■ What is needed ■
Word for word, reproduce every line of the data.

■ Supplied records ■
(* Let $m \geq 3$ be an integer, and for $n \geq 1$ let $$\Omega(n \gamma_{c}) = \frac{m}{(m-1)^2 n^2}\sum_{d\mid n} (-1)^{m d + 1}\, \mu\!\left(\frac{n}{d} \right) \binom{(m-1)^2 d}{d},$$ where $\mu$ is the Möbius function. Then, as $n \to \infty$, $$\Omega(n \gamma_{c}) \sim (-1)^{m n + 1} \left( \frac{1}{m-1} \sqrt{\frac{m}{2\pi (m-2)}} \right) n^{-5/2} e^{c_{m} n},$$ i.e. the ratio of the two sides tends to $1$, where $$c_{m} = (m-1)^2 \log \bigl[ (m-1)^2 \bigr] - m (m-2) \log \bigl[ m (m-2) \bigr].$$
   Context: In the paper, $\Omega(n\gamma_c)$ is the BPS index of charge $n\gamma_c$ associated with an $m$-herd spectral network (equivalently, the Donaldson–Thomas invariant of the $m$-Kronecker quiver for dimension vector $(n,n)$ in the wild stability chamber); it is given by the displayed closed formula, which is all the statement uses. *)

theory Defs
  imports "HOL-Analysis.Analysis" "HOL-Computational_Algebra.Squarefree"
begin

definition moebius_mu :: "nat \<Rightarrow> int" where
  "moebius_mu n = (if squarefree n then (-1) ^ card (prime_factors n) else 0)"

definition Omega_herd :: "nat \<Rightarrow> nat \<Rightarrow> real" where
  "Omega_herd m n =
     real m / (real ((m - 1)^2) * real (n^2)) *
     (\<Sum>d | d dvd n. (-1) ^ (m * d + 1) * real_of_int (moebius_mu (n div d))
                      * real (((m - 1)^2 * d) choose d))"

definition c_herd :: "nat \<Rightarrow> real" where
  "c_herd m = real ((m - 1)^2) * ln (real ((m - 1)^2)) - real (m * (m - 2)) * ln (real (m * (m - 2)))"

end

theory Submission
  imports Defs "HOL-Real_Asymp.Real_Asymp"
begin

text \<open>Write k = (m-1)^2 and j = m(m-2) = k - 1, so that c_m = k log k - j log j. In the divisor
  sum the term d = n dominates: by Stirling's formula binom(kn, n) is asymptotic to
  sqrt(k / (2 pi j n)) e^(c_m n), whereas every proper divisor satisfies d <= n/2, and the entropy
  bound binom(kd, d) <= e^(c_m d) (one term of the binomial expansion of (1/k + j/k)^(kd)) makes the
  remaining at most n terms O(n e^(c_m n / 2)). Stirling's formula itself follows because the
  increments of log(n! / (sqrt n (n/e)^n)) are O(1/n^2), so the ratio converges; its limit is
  identified through the central binomial coefficient, since binom(2n, n) 4^(-n) = (-1)^n binom(-1/2, n)
  behaves like 1 / sqrt(pi n) by the generalised binomial asymptotics and Gamma(1/2) = sqrt pi.\<close>

lemma convergent_if_summable_diffs:
  fixes f :: "nat \<Rightarrow> real"
  assumes "summable (\<lambda>n. f (Suc n) - f n)"
  shows "convergent f"
proof -
  have "convergent (\<lambda>n. (\<Sum>i<n. f (Suc i) - f i) + f 0)"
    using assms by (intro convergent_add convergent_const) (simp add: summable_iff_convergent)
  thus ?thesis by (simp add: sum_lessThan_telescope)
qed

lemma central_binomial_limit: "(\<lambda>n. real ((2*n) choose n) * sqrt (real n) / 4 ^ n) \<longlonglongrightarrow> 1 / sqrt pi"
proof -
  have gchoose: "(- (1/2) :: real) gchoose n = (-1) ^ n * real ((2*n) choose n) / 4 ^ n" for n
  proof -
    have "(fact (2*n) :: real) = 4 ^ n * pochhammer (1/2) n * fact n"
      using pochhammer_double[of "1/2 :: real" n] by (simp add: pochhammer_fact power_mult)
    thus ?thesis
      by (simp add: gbinomial_pochhammer binomial_fact field_simps)
  qed
  have "(\<lambda>n. ((- (1/2) :: real) gchoose n) / ((-1) ^ n / exp ((- (1/2) + 1) * ln (real n)))) \<longlonglongrightarrow> 1 / sqrt pi"
    using gbinomial_asymptotic[of "- (1/2) :: real"] by (simp add: Gamma_one_half_real inverse_eq_divide)
  moreover have "eventually (\<lambda>n. ((- (1/2) :: real) gchoose n) / ((-1) ^ n / exp ((- (1/2) + 1) * ln (real n)))
                   = real ((2*n) choose n) * sqrt (real n) / 4 ^ n) at_top"
    using eventually_ge_at_top[of 1]
  proof eventually_elim
    case (elim n)
    hence "exp ((- (1/2) + 1) * ln (real n)) = sqrt (real n)"
      by (simp add: ln_sqrt[symmetric])
    thus ?case by (simp add: gchoose)
  qed
  ultimately show ?thesis by (rule Lim_transform_eventually)
qed

definition stirling_ratio :: "nat \<Rightarrow> real" where
  "stirling_ratio n = fact n / (sqrt (real n) * (real n / exp 1) ^ n)"

lemma stirling_ratio_pos: "n \<ge> 1 \<Longrightarrow> stirling_ratio n > 0"
  by (simp add: stirling_ratio_def)

lemma fact_eq_stirling_ratio:
  "n \<ge> 1 \<Longrightarrow> (fact n :: real) = stirling_ratio n * sqrt (real n) * (real n / exp 1) ^ n"
  by (simp add: stirling_ratio_def)

lemma ln_stirling_ratio_Suc:
  assumes "n \<ge> 1"
  shows "ln (stirling_ratio (Suc n)) - ln (stirling_ratio n)
           = 1 - (real n + 1/2) * (ln (real n + 1) - ln (real n))"
proof -
  have ln_sr: "ln (stirling_ratio k) = ln (fact k) - ln (real k) / 2 - real k * (ln (real k) - 1)"
    if "k \<ge> 1" for k
    using that by (simp add: stirling_ratio_def ln_div ln_mult ln_realpow ln_sqrt algebra_simps)
  have "ln (fact (Suc n) :: real) = ln (real n + 1) + ln (fact n)"
    by (simp add: ln_mult_pos add.commute)
  thus ?thesis using assms by (simp add: ln_sr algebra_simps)
qed

lemma stirling_ratio_convergent: obtains S where "stirling_ratio \<longlonglongrightarrow> S" "S > 0"
proof -
  have "(\<lambda>n. 1 - (real n + 1/2) * (ln (real n + 1) - ln (real n))) \<in> O(\<lambda>n. inverse (real n ^ 2))"
    by real_asymp
  moreover have "eventually (\<lambda>n. ln (stirling_ratio (Suc n)) - ln (stirling_ratio n) =
                     1 - (real n + 1/2) * (ln (real n + 1) - ln (real n))) at_top"
    using eventually_ge_at_top[of 1] by eventually_elim (rule ln_stirling_ratio_Suc)
  ultimately have "(\<lambda>n. ln (stirling_ratio (Suc n)) - ln (stirling_ratio n)) \<in> O(\<lambda>n. inverse (real n ^ 2))"
    by (subst landau_o.big.in_cong) auto
  hence "summable (\<lambda>n. ln (stirling_ratio (Suc n)) - ln (stirling_ratio n))"
    by (rule summable_comparison_test_bigo[rotated]) (simp add: inverse_power_summable)
  hence "convergent (\<lambda>n. ln (stirling_ratio n))" by (rule convergent_if_summable_diffs)
  then obtain L where "(\<lambda>n. ln (stirling_ratio n)) \<longlonglongrightarrow> L" by (auto simp: convergent_def)
  hence "(\<lambda>n. exp (ln (stirling_ratio n))) \<longlonglongrightarrow> exp L" by (rule tendsto_exp)
  moreover have "eventually (\<lambda>n. exp (ln (stirling_ratio n)) = stirling_ratio n) at_top"
    using eventually_ge_at_top[of 1] by eventually_elim (simp add: stirling_ratio_pos)
  ultimately have "stirling_ratio \<longlonglongrightarrow> exp L" by (rule Lim_transform_eventually)
  thus ?thesis using that by simp
qed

■ Answer to this exercise ■
(* Let $m \geq 3$ be an integer, and for $n \geq 1$ let $$\Omega(n \gamma_{c}) = \frac{m}{(m-1)^2 n^2}\sum_{d\mid n} (-1)^{m d + 1}\, \mu\!\left(\frac{n}{d} \right) \binom{(m-1)^2 d}{d},$$ where $\mu$ is the Möbius function. Then, as $n \to \infty$, $$\Omega(n \gamma_{c}) \sim (-1)^{m n + 1} \left( \frac{1}{m-1} \sqrt{\frac{m}{2\pi (m-2)}} \right) n^{-5/2} e^{c_{m} n},$$ i.e. the ratio of the two sides tends to $1$, where $$c_{m} = (m-1)^2 \log \bigl[ (m-1)^2 \bigr] - m (m-2) \log \bigl[ m (m-2) \bigr].$$
   Context: In the paper, $\Omega(n\gamma_c)$ is the BPS index of charge $n\gamma_c$ associated with an $m$-herd spectral network (equivalently, the Donaldson–Thomas invariant of the $m$-Kronecker quiver for dimension vector $(n,n)$ in the wild stability chamber); it is given by the displayed closed formula, which is all the statement uses. *)

theory Defs
  imports "HOL-Analysis.Analysis" "HOL-Computational_Algebra.Squarefree"
begin

definition moebius_mu :: "nat \<Rightarrow> int" where
  "moebius_mu n = (if squarefree n then (-1) ^ card (prime_factors n) else 0)"

definition Omega_herd :: "nat \<Rightarrow> nat \<Rightarrow> real" where
  "Omega_herd m n =
     real m / (real ((m - 1)^2) * real (n^2)) *
     (\<Sum>d | d dvd n. (-1) ^ (m * d + 1) * real_of_int (moebius_mu (n div d))
                      * real (((m - 1)^2 * d) choose d))"

definition c_herd :: "nat \<Rightarrow> real" where
  "c_herd m = real ((m - 1)^2) * ln (real ((m - 1)^2)) - real (m * (m - 2)) * ln (real (m * (m - 2)))"

end

theory Submission
  imports Defs "HOL-Real_Asymp.Real_Asymp"
begin

text \<open>Write k = (m-1)^2 and j = m(m-2) = k - 1, so that c_m = k log k - j log j. In the divisor
  sum the term d = n dominates: by Stirling's formula binom(kn, n) is asymptotic to
  sqrt(k / (2 pi j n)) e^(c_m n), whereas every proper divisor satisfies d <= n/2, and the entropy
  bound binom(kd, d) <= e^(c_m d) (one term of the binomial expansion of (1/k + j/k)^(kd)) makes the
  remaining at most n terms O(n e^(c_m n / 2)). Stirling's formula itself follows because the
  increments of log(n! / (sqrt n (n/e)^n)) are O(1/n^2), so the ratio converges; its limit is
  identified through the central binomial coefficient, since binom(2n, n) 4^(-n) = (-1)^n binom(-1/2, n)
  behaves like 1 / sqrt(pi n) by the generalised binomial asymptotics and Gamma(1/2) = sqrt pi.\<close>

lemma convergent_if_summable_diffs:
  fixes f :: "nat \<Rightarrow> real"
  assumes "summable (\<lambda>n. f (Suc n) - f n)"
  shows "convergent f"
proof -
  have "convergent (\<lambda>n. (\<Sum>i<n. f (Suc i) - f i) + f 0)"
    using assms by (intro convergent_add convergent_const) (simp add: summable_iff_convergent)
  thus ?thesis by (simp add: sum_lessThan_telescope)
qed

lemma central_binomial_limit: "(\<lambda>n. real ((2*n) choose n) * sqrt (real n) / 4 ^ n) \<longlonglongrightarrow> 1 / sqrt pi"
proof -
  have gchoose: "(- (1/2) :: real) gchoose n = (-1) ^ n * real ((2*n) choose n) / 4 ^ n" for n
  proof -
    have "(fact (2*n) :: real) = 4 ^ n * pochhammer (1/2) n * fact n"
      using pochhammer_double[of "1/2 :: real" n] by (simp add: pochhammer_fact power_mult)
    thus ?thesis
      by (simp add: gbinomial_pochhammer binomial_fact field_simps)
  qed
  have "(\<lambda>n. ((- (1/2) :: real) gchoose n) / ((-1) ^ n / exp ((- (1/2) + 1) * ln (real n)))) \<longlonglongrightarrow> 1 / sqrt pi"
    using gbinomial_asymptotic[of "- (1/2) :: real"] by (simp add: Gamma_one_half_real inverse_eq_divide)
  moreover have "eventually (\<lambda>n. ((- (1/2) :: real) gchoose n) / ((-1) ^ n / exp ((- (1/2) + 1) * ln (real n)))
                   = real ((2*n) choose n) * sqrt (real n) / 4 ^ n) at_top"
    using eventually_ge_at_top[of 1]
  proof eventually_elim
    case (elim n)
    hence "exp ((- (1/2) + 1) * ln (real n)) = sqrt (real n)"
      by (simp add: ln_sqrt[symmetric])
    thus ?case by (simp add: gchoose)
  qed
  ultimately show ?thesis by (rule Lim_transform_eventually)
qed

definition stirling_ratio :: "nat \<Rightarrow> real" where
  "stirling_ratio n = fact n / (sqrt (real n) * (real n / exp 1) ^ n)"

lemma stirling_ratio_pos: "n \<ge> 1 \<Longrightarrow> stirling_ratio n > 0"
  by (simp add: stirling_ratio_def)

lemma fact_eq_stirling_ratio:
  "n \<ge> 1 \<Longrightarrow> (fact n :: real) = stirling_ratio n * sqrt (real n) * (real n / exp 1) ^ n"
  by (simp add: stirling_ratio_def)

lemma ln_stirling_ratio_Suc:
  assumes "n \<ge> 1"
  shows "ln (stirling_ratio (Suc n)) - ln (stirling_ratio n)
           = 1 - (real n + 1/2) * (ln (real n + 1) - ln (real n))"
proof -
  have ln_sr: "ln (stirling_ratio k) = ln (fact k) - ln (real k) / 2 - real k * (ln (real k) - 1)"
    if "k \<ge> 1" for k
    using that by (simp add: stirling_ratio_def ln_div ln_mult ln_realpow ln_sqrt algebra_simps)
  have "ln (fact (Suc n) :: real) = ln (real n + 1) + ln (fact n)"
    by (simp add: ln_mult_pos add.commute)
  thus ?thesis using assms by (simp add: ln_sr algebra_simps)
qed

lemma stirling_ratio_convergent: obtains S where "stirling_ratio \<longlonglongrightarrow> S" "S > 0"
proof -
  have "(\<lambda>n. 1 - (real n + 1/2) * (ln (real n + 1) - ln (real n))) \<in> O(\<lambda>n. inverse (real n ^ 2))"
    by real_asymp
  moreover have "eventually (\<lambda>n. ln (stirling_ratio (Suc n)) - ln (stirling_ratio n) =
                     1 - (real n + 1/2) * (ln (real n + 1) - ln (real n))) at_top"
    using eventually_ge_at_top[of 1] by eventually_elim (rule ln_stirling_ratio_Suc)
  ultimately have "(\<lambda>n. ln (stirling_ratio (Suc n)) - ln (stirling_ratio n)) \<in> O(\<lambda>n. inverse (real n ^ 2))"
    by (subst landau_o.big.in_cong) auto
  hence "summable (\<lambda>n. ln (stirling_ratio (Suc n)) - ln (stirling_ratio n))"
    by (rule summable_comparison_test_bigo[rotated]) (simp add: inverse_power_summable)
  hence "convergent (\<lambda>n. ln (stirling_ratio n))" by (rule convergent_if_summable_diffs)
  then obtain L where "(\<lambda>n. ln (stirling_ratio n)) \<longlonglongrightarrow> L" by (auto simp: convergent_def)
  hence "(\<lambda>n. exp (ln (stirling_ratio n))) \<longlonglongrightarrow> exp L" by (rule tendsto_exp)
  moreover have "eventually (\<lambda>n. exp (ln (stirling_ratio n)) = stirling_ratio n) at_top"
    using eventually_ge_at_top[of 1] by eventually_elim (simp add: stirling_ratio_pos)
  ultimately have "stirling_ratio \<longlonglongrightarrow> exp L" by (rule Lim_transform_eventually)
  thus ?thesis using that by simp
qed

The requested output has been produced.